Ce paiement de l’ARC est la prime d’une assurance contre la sécheresse souscrite par Madagascar avec le soutien de la Banque africaine de développement à travers l’Initiative africaine de financement des risques de catastrophe (ADRiFi), qui a financé la totalité de la prime d’assurance pour l’année 2019-2020 en vue du transfert souverain du risque de sécheresse pour la Grande Île.

Le paiement des indemnités sera effectué pour protéger la vie et les moyens de subsistance de 600 000 personnes vulnérables touchées par la sécheresse, afin de les empêcher de recourir à un mécanisme d’adaptation nuisible, comme la consommation de leurs semences, la vente de matériel agricole, les déplacements internes ou la migration forcée. Ces populations, frappées par les catastrophes climatiques, ont été rendues vulnérables par de mauvaises récoltes lors de la saison qui vient de s’achever.

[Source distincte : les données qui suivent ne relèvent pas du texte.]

(* Let $(h_k)_{k\ge1}$ be the Narayana sequence and let $\alpha$ be the real root of $x^3+x=1$. Then $\|\alpha h_k\|$ decreases exponentially as $k\to\infty$, i.e. there are constants $C>0$ and $0<\rho<1$ with $\|\alpha h_k\|\le C\rho^k$ for all $k$. The same holds with $\alpha$ replaced by any $\beta\in\mathbb{Z}[\alpha]$.
   Context: The Narayana sequence is defined by $h_1=1$, $h_2=2$, $h_3=3$ and $h_k=h_{k-1}+h_{k-3}$ for $k>3$. For real $x$, $\|x\|$ denotes the distance from $x$ to the nearest integer. *)

theory Defs
  imports Complex_Main
begin

text \<open>Narayana sequence h_1 = 1, h_2 = 2, h_3 = 3, h_k = h_(k-1) + h_(k-3) for k > 3.
  Only indices k >= 1 are meaningful; the value at 0 is an irrelevant filler.\<close>
fun narayana :: "nat \<Rightarrow> int" where
  "narayana 0 = 0"
| "narayana (Suc 0) = 1"
| "narayana (Suc (Suc 0)) = 2"
| "narayana (Suc (Suc (Suc 0))) = 3"
| "narayana (Suc (Suc (Suc (Suc n)))) = narayana (Suc (Suc (Suc n))) + narayana (Suc n)"

definition dist_int :: "real \<Rightarrow> real" where
  "dist_int x = (INF m\<in>(\<int>::real set). \<bar>x - m\<bar>)"

definition nar_alpha :: real where
  "nar_alpha = (THE x::real. x ^ 3 + x = 1)"

text \<open>The ring Z[alpha] = {a + b alpha + c alpha^2 : a, b, c integers} (alpha has degree 3).\<close>
definition Z_alpha :: "real set" where
  "Z_alpha = {of_int a + of_int b * nar_alpha + of_int c * nar_alpha ^ 2 | a b c. True}"

end

theory Submission
  imports Defs
begin

text \<open>Let \<open>\<psi> = 1/\<alpha>\<close>, the real root of \<open>x\<^sup>3 = x\<^sup>2 + 1\<close>, so that
  \<open>x\<^sup>3 - x\<^sup>2 - 1 = (x - \<psi>) (x\<^sup>2 + (\<psi> - 1) x + \<alpha>)\<close>. The defect
  \<open>d\<^sub>n = \<alpha> h\<^sub>n\<^sub>+\<^sub>2 - h\<^sub>n\<^sub>+\<^sub>1\<close> has no \<open>\<psi>\<close>-component, hence satisfies the recurrence of the
  quadratic factor, whose roots are complex of modulus \<open>\<surd>\<alpha> < 1\<close>. For a recurrence
  \<open>p u\<^sub>n\<^sub>+\<^sub>2 + q u\<^sub>n\<^sub>+\<^sub>1 + \<mu> p u\<^sub>n = 0\<close> with \<open>q\<^sup>2 < 4 \<mu> p\<^sup>2\<close> the positive definite form \<open>p u\<^sub>n\<^sub>+\<^sub>1\<^sup>2 + q u\<^sub>n\<^sub>+\<^sub>1 u\<^sub>n + \<mu> p u\<^sub>n\<^sup>2\<close> is multiplied
  by \<open>\<mu>\<close> at each step, so \<open>|d\<^sub>n| = O(\<surd>\<alpha>\<^sup>n)\<close>. Finally, for \<open>\<beta> = a + b \<alpha> + c \<alpha>\<^sup>2\<close>
  the integer \<open>a h\<^sub>k + b h\<^sub>k\<^sub>-\<^sub>1 + c h\<^sub>k\<^sub>-\<^sub>2\<close> differs from \<open>\<beta> h\<^sub>k\<close> by a combination of
  \<open>d\<^sub>k\<^sub>-\<^sub>2\<close> and \<open>d\<^sub>k\<^sub>-\<^sub>3\<close>.\<close>

lemma cube_plus_strict_mono: "strict_mono (\<lambda>x::real. x ^ 3 + x)"
proof (rule strict_monoI)
  fix x y :: real
  assume "x < y"
  have "y ^ 3 + y - (x ^ 3 + x) = (y - x) * ((x + y / 2)\<^sup>2 + 3 / 4 * y\<^sup>2 + 1)"
    by (simp add: algebra_simps power2_eq_square power3_eq_cube)
  moreover have "(y - x) * ((x + y / 2)\<^sup>2 + 3 / 4 * y\<^sup>2 + 1) > 0"
    using \<open>x < y\<close> by (intro mult_pos_pos) (auto intro: add_nonneg_pos)
  ultimately show "x ^ 3 + x < y ^ 3 + y" by linarith
qed

lemma nar_alpha_eqI:
  assumes "x ^ 3 + x = 1"
  shows "nar_alpha = x"
  unfolding nar_alpha_def
proof (rule the_equality)
  show "\<And>y. y ^ 3 + y = 1 \<Longrightarrow> y = x"
    using assms strict_mono_eq[OF cube_plus_strict_mono] by metis
qed (fact assms)

lemma nar_alpha_cubic: "nar_alpha ^ 3 + nar_alpha = 1"
proof -
  have "\<exists>x::real \<ge> 0. x \<le> 1 \<and> x ^ 3 + x = 1"
    by (rule IVT'[of "\<lambda>x. x ^ 3 + x" 0 1 1]) (auto intro!: continuous_intros)
  then show ?thesis
    using nar_alpha_eqI by blast
qed

lemma nar_alpha_gt_half: "1 / 2 < nar_alpha"
  and nar_alpha_less_one: "nar_alpha < 1"
  using strict_mono_less[OF cube_plus_strict_mono, of "1 / 2" nar_alpha]
    strict_mono_less[OF cube_plus_strict_mono, of nar_alpha 1]
  by (simp_all add: nar_alpha_cubic power_divide)

lemma dist_int_le_abs_diff: "dist_int x \<le> \<bar>x - of_int m\<bar>"
  unfolding dist_int_def
  by (rule cINF_lower) (auto simp: bdd_below_def Ints_def intro!: exI[of _ 0])

lemma dist_int_le_one: "dist_int x \<le> 1"
  using dist_int_le_abs_diff[of x "\<lfloor>x\<rfloor>"] by linarith

lemma geometric_bound_of_eventual_bound:
  fixes f :: "nat \<Rightarrow> real"
  assumes "0 < \<rho>" "\<rho> \<le> 1" "\<And>k. f k \<le> B" "\<And>k. k \<ge> N \<Longrightarrow> f k \<le> K * \<rho> ^ k"
  shows "\<exists>C>0. \<forall>k. f k \<le> C * \<rho> ^ k"
proof (intro exI[of _ "\<bar>K\<bar> + \<bar>B\<bar> / \<rho> ^ N + 1"] conjI allI)
  show "0 < \<bar>K\<bar> + \<bar>B\<bar> / \<rho> ^ N + 1"
    using assms(1) by (simp add: add_nonneg_pos)
  fix k
  have "0 < \<rho> ^ k"
    using assms(1) by simp
  show "f k \<le> (\<bar>K\<bar> + \<bar>B\<bar> / \<rho> ^ N + 1) * \<rho> ^ k"
  proof (cases "k \<ge> N")
    case True
    then have "f k \<le> K * \<rho> ^ k"
      by (rule assms(4))
    also have "\<dots> \<le> \<bar>K\<bar> * \<rho> ^ k"
      using \<open>0 < \<rho> ^ k\<close> by (intro mult_right_mono) auto
    also have "\<dots> \<le> (\<bar>K\<bar> + \<bar>B\<bar> / \<rho> ^ N + 1) * \<rho> ^ k"
      using assms(1) \<open>0 < \<rho> ^ k\<close> by (intro mult_right_mono) auto
    finally show ?thesis .
  next
    case False
    have "\<rho> ^ N \<le> \<rho> ^ k"
      using False assms(1,2) by (intro power_decreasing) auto
    then have "\<bar>B\<bar> \<le> \<bar>B\<bar> / \<rho> ^ N * \<rho> ^ k"
      using assms(1) by (simp add: field_simps mult_left_mono)
    also have "\<dots> \<le> (\<bar>K\<bar> + \<bar>B\<bar> / \<rho> ^ N + 1) * \<rho> ^ k"
      using \<open>0 < \<rho> ^ k\<close> by (intro mult_right_mono) auto
    finally show ?thesis
      using assms(3)[of k] by linarith
  qed
qed

lemma quadratic_form_recurrence_step:
  fixes u :: "nat \<Rightarrow> real"
  assumes "p * u (n + 2) + q * u (n + 1) + \<mu> * p * u n = 0"
  shows "p * u (n + 2) ^ 2 + q * u (n + 2) * u (n + 1) + \<mu> * p * u (n + 1) ^ 2
       = \<mu> * (p * u (n + 1) ^ 2 + q * u (n + 1) * u n + \<mu> * p * u n ^ 2)"
proof -
  have "p * u (n + 2) ^ 2 + q * u (n + 2) * u (n + 1) + \<mu> * p * u (n + 1) ^ 2
       - \<mu> * (p * u (n + 1) ^ 2 + q * u (n + 1) * u n + \<mu> * p * u n ^ 2)
     = (u (n + 2) - \<mu> * u n) * (p * u (n + 2) + q * u (n + 1) + \<mu> * p * u n)"
    by (simp add: algebra_simps power2_eq_square)
  with assms show ?thesis
    by simp
qed

text \<open>The hypothesis \<open>q\<^sup>2 < 4 \<mu> p\<^sup>2\<close> says that the characteristic roots are complex,
  of modulus \<open>\<surd>\<mu>\<close>.\<close>

lemma second_order_recurrence_decay:
  fixes u :: "nat \<Rightarrow> real"
  assumes "p > 0" and discr: "q\<^sup>2 < 4 * \<mu> * p\<^sup>2"
    and rec: "\<And>n. p * u (n + 2) + q * u (n + 1) + \<mu> * p * u n = 0"
  shows "\<exists>K\<ge>0. \<forall>n. \<bar>u n\<bar> \<le> K * sqrt \<mu> ^ n"
proof -
  define Q where "Q n = p * u (n + 1) ^ 2 + q * u (n + 1) * u n + \<mu> * p * u n ^ 2" for n
  define D where "D = 4 * \<mu> * p\<^sup>2 - q\<^sup>2"
  have "D > 0"
    using discr by (simp add: D_def)
  have Q_pow: "Q n = \<mu> ^ n * Q 0" for n
  proof (induction n)
    case (Suc n)
    then show ?case
      using quadratic_form_recurrence_step[OF rec, of n] by (simp add: Q_def)
  qed simp
  have definite: "D * u n ^ 2 \<le> 4 * p * Q n" for n
  proof -
    have "4 * p * Q n = (2 * p * u (n + 1) + q * u n)\<^sup>2 + D * u n ^ 2"
      by (simp add: Q_def D_def algebra_simps power2_eq_square)
    then show ?thesis
      by simp
  qed
  define K where "K = sqrt (4 * p * Q 0 / D)"
  have "0 \<le> D * u 0 ^ 2"
    using \<open>D > 0\<close> by simp
  then have "0 \<le> 4 * p * Q 0"
    using definite[of 0] by linarith
  then have "K \<ge> 0"
    using \<open>D > 0\<close> by (simp add: K_def)
  have "\<bar>u n\<bar> \<le> K * sqrt \<mu> ^ n" for n
  proof -
    have "D * u n ^ 2 \<le> D * (4 * p * Q 0 / D * \<mu> ^ n)"
      using definite[of n] \<open>D > 0\<close> by (simp add: Q_pow[of n] mult_ac)
    then have "u n ^ 2 \<le> 4 * p * Q 0 / D * \<mu> ^ n"
      using \<open>D > 0\<close> by (rule mult_left_le_imp_le)
    then have "\<bar>u n\<bar> \<le> sqrt (4 * p * Q 0 / D * \<mu> ^ n)"
      by (metis real_sqrt_abs real_sqrt_le_mono)
    also have "\<dots> = K * sqrt \<mu> ^ n"
      unfolding K_def real_sqrt_mult real_sqrt_power ..
    finally show ?thesis .
  qed
  with \<open>K \<ge> 0\<close> show ?thesis
    by blast
qed

definition narayana_defect :: "nat \<Rightarrow> real" where
  "narayana_defect n = nar_alpha * narayana (n + 2) - narayana (n + 1)"

lemma narayana_defect_recurrence:
  "nar_alpha * narayana_defect (n + 2) + (1 - nar_alpha) * narayana_defect (n + 1)
     + nar_alpha * nar_alpha * narayana_defect n = 0"
proof -
  have h: "narayana (n + 4) = narayana (n + 3) + narayana (n + 1)"
    by (simp add: numeral_eq_Suc)
  have "nar_alpha * narayana_defect (n + 2) + (1 - nar_alpha) * narayana_defect (n + 1)
          + nar_alpha * nar_alpha * narayana_defect n
      = nar_alpha\<^sup>2 * (narayana (n + 4) - narayana (n + 3) - narayana (n + 1))
          + (nar_alpha ^ 3 + nar_alpha - 1) * narayana (n + 2)"
    by (simp add: narayana_defect_def algebra_simps power2_eq_square power3_eq_cube
        numeral_eq_Suc)
  also have "\<dots> = 0"
    using h nar_alpha_cubic by simp
  finally show ?thesis .
qed

lemma narayana_defect_decay: "\<exists>K\<ge>0. \<forall>n. \<bar>narayana_defect n\<bar> \<le> K * sqrt nar_alpha ^ n"
proof (rule second_order_recurrence_decay)
  show "0 < nar_alpha"
    using nar_alpha_gt_half by linarith
  have "(1 - nar_alpha)\<^sup>2 < (1 / 2)\<^sup>2" "(1 / 2) ^ 3 < nar_alpha ^ 3"
    using nar_alpha_gt_half nar_alpha_less_one by (intro power_strict_mono; simp)+
  then show "(1 - nar_alpha)\<^sup>2 < 4 * nar_alpha * nar_alpha\<^sup>2"
    by (simp add: power2_eq_square power3_eq_cube power_divide)
qed (fact narayana_defect_recurrence)

lemma Z_alpha_times_narayana_approx:
  assumes "\<beta> \<in> Z_alpha"
  shows "\<exists>B\<ge>0. \<forall>n. dist_int (\<beta> * narayana (n + 3))
           \<le> B * (\<bar>narayana_defect (n + 1)\<bar> + \<bar>narayana_defect n\<bar>)"
proof -
  obtain a b c where \<beta>: "\<beta> = of_int a + of_int b * nar_alpha + of_int c * nar_alpha\<^sup>2"
    using assms unfolding Z_alpha_def by blast
  define B :: real where "B = \<bar>of_int b\<bar> + \<bar>of_int c\<bar>"
  have "\<bar>of_int c * nar_alpha\<bar> \<le> \<bar>of_int c :: real\<bar>"
    using nar_alpha_gt_half nar_alpha_less_one by (simp add: abs_mult mult_left_le)
  then have coeff: "\<bar>of_int b + of_int c * nar_alpha\<bar> \<le> B"
    using abs_triangle_ineq[of "of_int b" "of_int c * nar_alpha"] unfolding B_def by linarith
  have "dist_int (\<beta> * narayana (n + 3))
          \<le> B * (\<bar>narayana_defect (n + 1)\<bar> + \<bar>narayana_defect n\<bar>)" for n
  proof -
    define d\<^sub>0 d\<^sub>1 where "d\<^sub>0 = narayana_defect n" and "d\<^sub>1 = narayana_defect (n + 1)"
    have d\<^sub>1: "d\<^sub>1 = nar_alpha * narayana (n + 3) - narayana (n + 2)"
      unfolding d\<^sub>1_def narayana_defect_def by (simp add: numeral_3_eq_3 numeral_2_eq_2)
    have "\<beta> * narayana (n + 3) - of_int (a * narayana (n + 3) + b * narayana (n + 2)
            + c * narayana (n + 1))
        = (of_int b + of_int c * nar_alpha) * d\<^sub>1 + of_int c * d\<^sub>0"
      unfolding d\<^sub>1 by (simp add: \<beta> d\<^sub>0_def narayana_defect_def algebra_simps power2_eq_square)
    then have "dist_int (\<beta> * narayana (n + 3))
        \<le> \<bar>(of_int b + of_int c * nar_alpha) * d\<^sub>1 + of_int c * d\<^sub>0\<bar>"
      by (metis dist_int_le_abs_diff)
    also have "\<dots> \<le> \<bar>of_int b + of_int c * nar_alpha\<bar> * \<bar>d\<^sub>1\<bar> + \<bar>of_int c\<bar> * \<bar>d\<^sub>0\<bar>"
      by (metis abs_mult abs_triangle_ineq)
    also have "\<dots> \<le> B * \<bar>d\<^sub>1\<bar> + B * \<bar>d\<^sub>0\<bar>"
      using coeff by (intro add_mono mult_right_mono) (auto simp: B_def)
    finally show ?thesis
      by (simp add: d\<^sub>0_def d\<^sub>1_def distrib_left)
  qed
  moreover have "B \<ge> 0"
    by (simp add: B_def)
  ultimately show ?thesis
    by blast
qed

lemma Z_alpha_times_narayana_decay:
  assumes "\<beta> \<in> Z_alpha"
  shows "\<exists>C>0. \<forall>k. dist_int (\<beta> * narayana k) \<le> C * sqrt nar_alpha ^ k"
proof -
  define \<rho> where "\<rho> = sqrt nar_alpha"
  have "0 < \<rho>" "\<rho> \<le> 1"
    using nar_alpha_gt_half nar_alpha_less_one by (auto simp: \<rho>_def)
  obtain K where "K \<ge> 0" and K: "\<And>n. \<bar>narayana_defect n\<bar> \<le> K * \<rho> ^ n"
    using narayana_defect_decay unfolding \<rho>_def by blast
  obtain B where "B \<ge> 0" and B: "\<And>n. dist_int (\<beta> * narayana (n + 3))
      \<le> B * (\<bar>narayana_defect (n + 1)\<bar> + \<bar>narayana_defect n\<bar>)"
    using Z_alpha_times_narayana_approx[OF assms] by blast
  have "dist_int (\<beta> * narayana k) \<le> 2 * B * K / \<rho> ^ 3 * \<rho> ^ k" if "k \<ge> 3" for k
  proof -
    obtain n where k: "k = n + 3"
      using \<open>k \<ge> 3\<close> by (metis le_add_diff_inverse2)
    have "\<rho> ^ (n + 1) \<le> \<rho> ^ n"
      using \<open>0 < \<rho>\<close> \<open>\<rho> \<le> 1\<close> by (simp add: mult_left_le_one_le)
    then have "\<bar>narayana_defect (n + 1)\<bar> + \<bar>narayana_defect n\<bar> \<le> 2 * K * \<rho> ^ n"
      using K[of n] K[of "n + 1"] \<open>K \<ge> 0\<close> mult_left_mono[of _ _ K] by fastforce
    then have "dist_int (\<beta> * narayana k) \<le> B * (2 * K * \<rho> ^ n)"
      using B[of n] \<open>B \<ge> 0\<close> mult_left_mono unfolding k by fastforce
    also have "\<dots> = 2 * B * K / \<rho> ^ 3 * \<rho> ^ k"
      using \<open>0 < \<rho>\<close> by (simp add: k power_add)
    finally show ?thesis .
  qed
  from geometric_bound_of_eventual_bound[OF \<open>0 < \<rho>\<close> \<open>\<rho> \<le> 1\<close> dist_int_le_one this]
  show ?thesis
    unfolding \<rho>_def .
qed

theorem mainTheorem3:
  shows "(\<exists>C::real. \<exists>\<rho>::real. C > 0 \<and> 0 < \<rho> \<and> \<rho> < 1 \<and>
            (\<forall>k\<ge>1. dist_int (nar_alpha * of_int (narayana k)) \<le> C * \<rho> ^ k))
       \<and> (\<forall>\<beta>\<in>Z_alpha. \<exists>C::real. \<exists>\<rho>::real. C > 0 \<and> 0 < \<rho> \<and> \<rho> < 1 \<and>
            (\<forall>k\<ge>1. dist_int (\<beta> * of_int (narayana k)) \<le> C * \<rho> ^ k))"
proof -
  have \<rho>: "0 < sqrt nar_alpha" "sqrt nar_alpha < 1"
    using nar_alpha_gt_half nar_alpha_less_one by auto
  have Z_alpha: "\<exists>C \<rho>. C > 0 \<and> 0 < \<rho> \<and> \<rho> < 1 \<and>
      (\<forall>k\<ge>1. dist_int (\<beta> * of_int (narayana k)) \<le> C * \<rho> ^ k)" if "\<beta> \<in> Z_alpha" for \<beta>
    using Z_alpha_times_narayana_decay[OF that] \<rho> by blast
  have "nar_alpha \<in> Z_alpha"
    unfolding Z_alpha_def by (rule CollectI, rule exI[of _ 0], rule exI[of _ 1], rule exI[of _ 0]) simp
  then show ?thesis
    using Z_alpha by blast
qed

end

Monsieur le Ministre de l’Économie et des Finances, Richard Randriamandrato représentant  le Gouvernement Malagasy durant la cérémonie de remise officielle a affirmé durant son allocution que: « La mutuelle d’assurance panafricaine de gestion de risque aux sècheresses est une des solutions pérennes pour renforcer les efforts du Gouvernement et des partenaires dans le Grand Sud de Madagascar et témoigne l’entraide entre les pays amis africains à faire face aux catastrophes naturelles plus particulièrement la sècheresse ». Un tel mécanisme est bénéfique pour Madagascar car il nous permettra de sécuriser l’environnement des agriculteurs et les moyens de subsistance des populations vulnérables dans le Grand Sud victime de la sécheresse récurrente ainsi que de conserver leur capital de production. Les interventions précoces à mettre en œuvre avec ce fonds seront axées sur le transfert monétaire et ACT (Argent Contre Travail) pour 15.000 ménages vulnérables, l’appui nutritionnel pour les 2000 enfants moins de 5ans et l’approvisionnement en eau de 84.000 ménages. Ainsi, le renforcement de ce mécanisme d’assurance ne fait que favoriser la mise en œuvre de la Politique et de la Stratégie Nationale de la Gestion des Risques et des Catastrophes à Madagascar notamment la promotion de la résilience financière face aux aléas climatiques.  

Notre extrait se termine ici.